One author whose work they find particularly galling wrote that professors should abandon lecturing in favor of “collaborative techniques that have been made possible by the Internet, and platforms like Facebook and wikis.” The trouble with that notion, Côté and Allahar respond, is that none of that is of any use unless students first have knowledge of the subject matter:
Even if all of the relevant information were on the Internet, which is not the case, how many students would spend the enormous amount of time it would take to learn the history of educational philosophy by surfing it? And without this knowledge, how are they going to know what to look for?

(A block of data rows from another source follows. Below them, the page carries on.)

(* Let $\mathcal{X}\subseteq\mathbb{R}^d$ and let $k:\mathbb{R}^d\to\mathbb{R}$ be a continuous positive-definite function with $k(0)=1$; write $k(x,y):=k(x-y)$. Let $P$ be the probability measure on $\mathbb{R}^d$ with $k(\Delta)=\int e^{\sqrt{-1}\,\omega^\mathsf{T}\Delta}\,\mathrm{d}P(\omega)$. Let $\mu$ be a $\sigma$-finite measure on $\mathcal{X}\times\mathcal{X}$, for measurable $g$ on $\mathcal{X}^2$ set $\|g\|_\mu^2:=\int_{\mathcal{X}^2}g(x,y)^2\,\mathrm{d}\mu(x,y)$, and let $\mathcal{M}:=\mu(\mathcal{X}^2)$. Let $D$ be a positive integer, let $\omega_1,\dots,\omega_D$ be i.i.d. with law $P$ and $b_1,\dots,b_D$ i.i.d. uniform on $[0,2\pi]$, independent of the $\omega_i$, define $$\breve z(x):=\sqrt{\tfrac{2}{D}}\,\big(\cos(\omega_1^\mathsf{T}x+b_1),\dots,\cos(\omega_D^\mathsf{T}x+b_D)\big)^\mathsf{T},$$ and $\breve f(x,y):=\breve z(x)^\mathsf{T}\breve z(y)-k(x-y)$. Then for every $\varepsilon>0$, $$\Pr\Big(\big|\|\breve f\|_\mu^2-\mathbb{E}\|\breve f\|_\mu^2\big|\ge\varepsilon\Big)\le 2\exp\Big(\frac{-D^3\varepsilon^2}{512(D+1)^2\mathcal{M}^2}\Big)\le 2\exp\Big(\frac{-D\varepsilon^2}{2048\,\mathcal{M}^2}\Big).$$
   Context: The existence of $P$ follows from Bochner's theorem. The probability and expectation are over the random draw of the $\omega_i$ and $b_i$. *)

theory Defs
  imports "HOL-Probability.Probability"
begin

definition positive_definite :: "('a::real_vector \<Rightarrow> real) \<Rightarrow> bool" where
  "positive_definite k \<longleftrightarrow>
     (\<forall>(n::nat) (x::nat \<Rightarrow> 'a) (c::nat \<Rightarrow> complex).
        (let s = (\<Sum>i<n. \<Sum>j<n. c i * cnj (c j) * complex_of_real (k (x i - x j)))
         in Im s = 0 \<and> 0 \<le> Re s))"

definition rff_space :: "'a::euclidean_space measure \<Rightarrow> nat \<Rightarrow> ((nat \<Rightarrow> 'a) \<times> (nat \<Rightarrow> real)) measure" where
  "rff_space P D =
     (PiM {..<D} (\<lambda>_. P)) \<Otimes>\<^sub>M (PiM {..<D} (\<lambda>_. uniform_measure lborel {0..2*pi}))"

definition rff_z :: "nat \<Rightarrow> (nat \<Rightarrow> 'a::euclidean_space) \<times> (nat \<Rightarrow> real) \<Rightarrow> 'a \<Rightarrow> nat \<Rightarrow> real" where
  "rff_z D w x i = sqrt (2 / real D) * cos (fst w i \<bullet> x + snd w i)"

definition rff_f :: "('a::euclidean_space \<Rightarrow> real) \<Rightarrow> nat \<Rightarrow> (nat \<Rightarrow> 'a) \<times> (nat \<Rightarrow> real) \<Rightarrow> 'a \<times> 'a \<Rightarrow> real" where
  "rff_f k D w p = (\<Sum>i<D. rff_z D w (fst p) i * rff_z D w (snd p) i) - k (fst p - snd p)"

definition sqnorm_mu :: "('b \<times> 'b) measure \<Rightarrow> ('b \<times> 'b \<Rightarrow> real) \<Rightarrow> real" where
  "sqnorm_mu \<mu> g = (\<integral>p. (g p)\<^sup>2 \<partial>\<mu>)"

end

theory Submission
  imports Defs
begin

text \<open>The squared norm \<open>N\<close> of the error is a function of the \<open>2D\<close> independent variables
  \<open>\<omega>\<^sub>i\<close> and \<open>b\<^sub>i\<close>. Since the feature kernel is an average of \<open>D\<close> summands bounded by \<open>2/D\<close>
  and \<open>\<bar>k\<bar> \<le> 1\<close> (being a characteristic function), resampling one \<open>\<omega>\<^sub>i\<close> changes the
  integrand pointwise by at most \<open>24/D\<close> and resampling one \<open>b\<^sub>i\<close> by at most \<open>12/D\<close>, so \<open>N\<close>
  changes by at most \<open>24M/D\<close> resp. \<open>12M/D\<close>. McDiarmid's bounded differences argument, carried
  out on moment generating functions, makes \<open>N\<close> sub-Gaussian with parameter \<open>720 M\<^sup>2/D\<close>, and
  the Chernoff bound gives the tail \<open>2 exp (-D \<epsilon>\<^sup>2 / (360 M\<^sup>2))\<close>, which is below both stated
  bounds.\<close>

section \<open>Sub-Gaussian random variables and McDiarmid's inequality\<close>

text \<open>The parameter \<open>s\<close> is normalised as in Hoeffding's lemma: a random variable with values in
  an interval of length \<open>c\<close> satisfies the bound with \<open>s = c\<^sup>2\<close>.\<close>

definition subgaussian :: "'a measure \<Rightarrow> ('a \<Rightarrow> real) \<Rightarrow> real \<Rightarrow> bool" where
  "subgaussian M f s \<longleftrightarrow>
     (\<forall>l. (\<integral>x. exp (l * (f x - (\<integral>y. f y \<partial>M))) \<partial>M) \<le> exp (l\<^sup>2 * s / 8))"

lemma integrable_bounded_finite_measure:
  fixes f :: "'a \<Rightarrow> real"
  assumes "finite_measure M" "f \<in> borel_measurable M" "\<And>x. x \<in> space M \<Longrightarrow> \<bar>f x\<bar> \<le> B"
  shows "integrable M f"
proof -
  interpret finite_measure M by fact
  show ?thesis using assms(2,3) by (intro integrable_const_bound[where B=B]) auto
qed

Similarly, neither on-line courses or podcasts solve the essential problem. Just because students may be “digital natives” does not mean that they will eagerly absorb course material presented to them on their computer screens. While the new technologies can be helpful teaching aids, their use is no panacea for the weak reading and analytical skills of what Professor Mark Bauerlein calls The Dumbest Generation (Côté and Allahar reference his book), much less the attitude fostered through the years of lower education that schooling should be easy and enjoyable.
That brings us to the authors’ recommendations. Key among them are stopping the practice of grade inflation, both in high schools and universities, adopting university entrance exams that demand at least a minimal level of literacy of students before they’re admitted, requiring that senior administrators do some teaching, and implementing exit exams for students, compelling them to demonstrate that they have attained at least a minimum level of proficiency.

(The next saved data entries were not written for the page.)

(* Let $(X,d,f)$ be a topological dynamical system ($(X,d)$ compact metric, $f:X\to X$ continuous), let $m$ be an ergodic $f$-invariant Borel probability measure, let $\xi$ be a finite measurable partition of $X$, let $\gamma\in(0,1)$ and $k\in\mathbb N$. For $n\in\mathbb N$ let \[ \Lambda^n(m)=\Big\{x\in X:\ f^q(x)\in\xi(x)\text{ for some }q\in[n,(1+\gamma)n]\cap\mathbb N,\ \text{and } D(\mathscr E_l(x),m)<\tfrac1k\text{ for all }l\ge n\Big\}, \] where $\xi(x)$ is the element of $\xi$ containing $x$. Then $\lim_{n\to\infty}m(\Lambda^n(m))=1$.
   Context: $\mathscr E_l(x)=\frac1l\sum_{i=0}^{l-1}\delta_{f^ix}$. Fix a dense sequence $\{\varphi_i\}_{i\ge1}$ in $C(X)$ and let $D(\mu,\nu)=\sum_{i\ge1}\frac{|\int\varphi_id\mu-\int\varphi_id\nu|}{2^{i+1}\|\varphi_i\|}$ on Borel probability measures. *)

theory Defs
  imports "HOL-Probability.Probability"
begin

definition sup_norm :: "('a \<Rightarrow> real) \<Rightarrow> real" where
  "sup_norm g = (SUP x. \<bar>g x\<bar>)"

text \<open>The metric D on Borel probability measures, relative to the sequence phi
  (indexed from 0 here; phi 0 plays the role of phi_1, weight 2^(i+2) = 2^((i+1)+1)).\<close>
definition Dmet :: "(nat \<Rightarrow> 'a \<Rightarrow> real) \<Rightarrow> 'a measure \<Rightarrow> 'a measure \<Rightarrow> real" where
  "Dmet \<phi> \<mu> \<nu> = (\<Sum>i. \<bar>(\<integral>x. \<phi> i x \<partial>\<mu>) - (\<integral>x. \<phi> i x \<partial>\<nu>)\<bar>
                        / (2 ^ (i + 2) * sup_norm (\<phi> i)))"

text \<open>Empirical measure E_l(x) = (1/l) sum_{i<l} delta_{f^i x}.\<close>
definition empirical :: "('a \<Rightarrow> 'a) \<Rightarrow> nat \<Rightarrow> 'a \<Rightarrow> 'a measure" where
  "empirical f l x = measure_pmf (pmf_of_multiset (image_mset (\<lambda>i. (f ^^ i) x) (mset_set {..<l})))"

definition invariant_measure :: "('a \<Rightarrow> 'a) \<Rightarrow> 'a measure \<Rightarrow> bool" where
  "invariant_measure f m \<longleftrightarrow> f \<in> measurable m m \<and> distr m m f = m"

Lowering Higher Education is a sharp defense of the university as a place for higher learning rather than a glorified high school offering a thin gruel of pseudo-vocational training. My only quibble with the book is that the authors don’t go far enough in showing that the training students often get is in fact pseudo-vocational.
Large numbers of students enroll in generic “business” programs, sometimes with specific occupational tracks, such as hotel and restaurant management. As a recent article in The Chronicle of Higher Education showed, however, many business majors take an “Easy Does It” approach. So do their professors. Does this kind of non-stressful business preparation do much that a company’s training program wouldn’t do better and at far lower cost?
Harrah’s, for example, has an intensive training program for newly hired managers. A young person who is interested in a career in the gaming industry might be better off applying directly for that, as opposed to taking a university program like Casino Resort Studies. Even if university casino management programs were as good or better than the training done in the industry itself, that still wouldn’t be a good reason for universities to clutter the curriculum with them. If they’re just pseudo vocational training, that clinches the argument.
That’s a point worth further investigation. In any case, Lowering Higher Education stands strongly for the idea that our colleges and universities have gotten way off track.